BEGIN MATERIALS PROVIDED

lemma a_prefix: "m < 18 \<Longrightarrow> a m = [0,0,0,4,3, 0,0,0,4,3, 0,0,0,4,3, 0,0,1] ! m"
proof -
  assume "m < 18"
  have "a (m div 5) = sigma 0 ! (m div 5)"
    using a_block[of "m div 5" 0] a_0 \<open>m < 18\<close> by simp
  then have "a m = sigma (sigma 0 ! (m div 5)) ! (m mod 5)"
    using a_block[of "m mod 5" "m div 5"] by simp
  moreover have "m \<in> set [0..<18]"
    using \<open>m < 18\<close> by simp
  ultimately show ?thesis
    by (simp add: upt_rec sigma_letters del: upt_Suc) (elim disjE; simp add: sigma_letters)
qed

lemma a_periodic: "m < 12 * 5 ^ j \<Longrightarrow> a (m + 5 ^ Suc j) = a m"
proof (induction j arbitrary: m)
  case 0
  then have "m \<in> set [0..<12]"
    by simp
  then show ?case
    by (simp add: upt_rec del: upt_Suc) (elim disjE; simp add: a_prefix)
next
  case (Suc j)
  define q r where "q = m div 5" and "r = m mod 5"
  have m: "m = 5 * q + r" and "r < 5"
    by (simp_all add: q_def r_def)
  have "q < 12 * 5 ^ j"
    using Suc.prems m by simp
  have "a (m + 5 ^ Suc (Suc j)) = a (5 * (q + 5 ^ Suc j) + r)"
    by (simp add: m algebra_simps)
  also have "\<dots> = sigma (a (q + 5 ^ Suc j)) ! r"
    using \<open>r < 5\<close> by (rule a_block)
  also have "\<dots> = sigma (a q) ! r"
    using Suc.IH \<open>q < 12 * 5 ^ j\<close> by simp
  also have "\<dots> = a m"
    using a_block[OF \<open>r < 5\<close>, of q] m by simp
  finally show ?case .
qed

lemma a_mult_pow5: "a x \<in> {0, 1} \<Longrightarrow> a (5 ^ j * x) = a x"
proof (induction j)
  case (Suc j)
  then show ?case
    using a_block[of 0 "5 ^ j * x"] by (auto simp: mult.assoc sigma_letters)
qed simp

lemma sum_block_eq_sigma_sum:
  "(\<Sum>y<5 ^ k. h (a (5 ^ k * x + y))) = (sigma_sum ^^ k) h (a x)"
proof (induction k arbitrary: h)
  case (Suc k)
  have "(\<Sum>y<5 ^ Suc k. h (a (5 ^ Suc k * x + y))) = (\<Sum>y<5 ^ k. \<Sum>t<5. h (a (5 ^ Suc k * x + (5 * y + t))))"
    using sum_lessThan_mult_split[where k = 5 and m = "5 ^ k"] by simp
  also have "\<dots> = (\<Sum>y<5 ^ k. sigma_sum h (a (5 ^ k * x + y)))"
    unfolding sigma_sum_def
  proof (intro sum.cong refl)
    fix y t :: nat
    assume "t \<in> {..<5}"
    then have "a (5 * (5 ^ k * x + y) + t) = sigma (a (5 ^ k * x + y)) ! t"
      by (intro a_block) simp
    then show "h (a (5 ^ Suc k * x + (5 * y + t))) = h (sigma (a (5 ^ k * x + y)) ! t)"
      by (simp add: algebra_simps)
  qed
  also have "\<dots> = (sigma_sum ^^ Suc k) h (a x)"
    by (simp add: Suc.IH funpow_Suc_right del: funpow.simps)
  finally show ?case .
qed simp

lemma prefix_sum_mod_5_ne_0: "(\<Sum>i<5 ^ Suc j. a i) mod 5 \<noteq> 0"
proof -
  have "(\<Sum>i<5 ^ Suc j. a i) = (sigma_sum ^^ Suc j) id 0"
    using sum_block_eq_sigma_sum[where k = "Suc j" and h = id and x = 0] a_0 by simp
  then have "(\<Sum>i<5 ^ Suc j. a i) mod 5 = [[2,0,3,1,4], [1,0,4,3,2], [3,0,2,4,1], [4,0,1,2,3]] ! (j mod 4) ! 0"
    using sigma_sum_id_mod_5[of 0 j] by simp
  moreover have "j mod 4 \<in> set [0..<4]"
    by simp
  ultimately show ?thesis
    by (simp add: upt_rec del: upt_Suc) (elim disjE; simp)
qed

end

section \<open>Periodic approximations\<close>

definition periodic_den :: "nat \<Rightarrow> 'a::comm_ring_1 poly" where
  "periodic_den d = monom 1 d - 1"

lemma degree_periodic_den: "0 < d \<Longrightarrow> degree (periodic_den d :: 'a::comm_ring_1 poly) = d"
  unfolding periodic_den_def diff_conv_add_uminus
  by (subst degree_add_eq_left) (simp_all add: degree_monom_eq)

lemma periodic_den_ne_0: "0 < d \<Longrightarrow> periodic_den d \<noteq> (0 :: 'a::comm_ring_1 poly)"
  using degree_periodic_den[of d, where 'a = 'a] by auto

END MATERIALS PROVIDED

*YOUR OBJECTIVE*:
Would you show every line in the data above that contains the string "dots"?

*SOLVED PROBLEM*:
  also have "\<dots> = sigma (a (q + 5 ^ Suc j)) ! r"
  also have "\<dots> = sigma (a q) ! r"
  also have "\<dots> = a m"
  also have "\<dots> = (\<Sum>y<5 ^ k. sigma_sum h (a (5 ^ k * x + y)))"
  also have "\<dots> = (sigma_sum ^^ Suc k) h (a x)"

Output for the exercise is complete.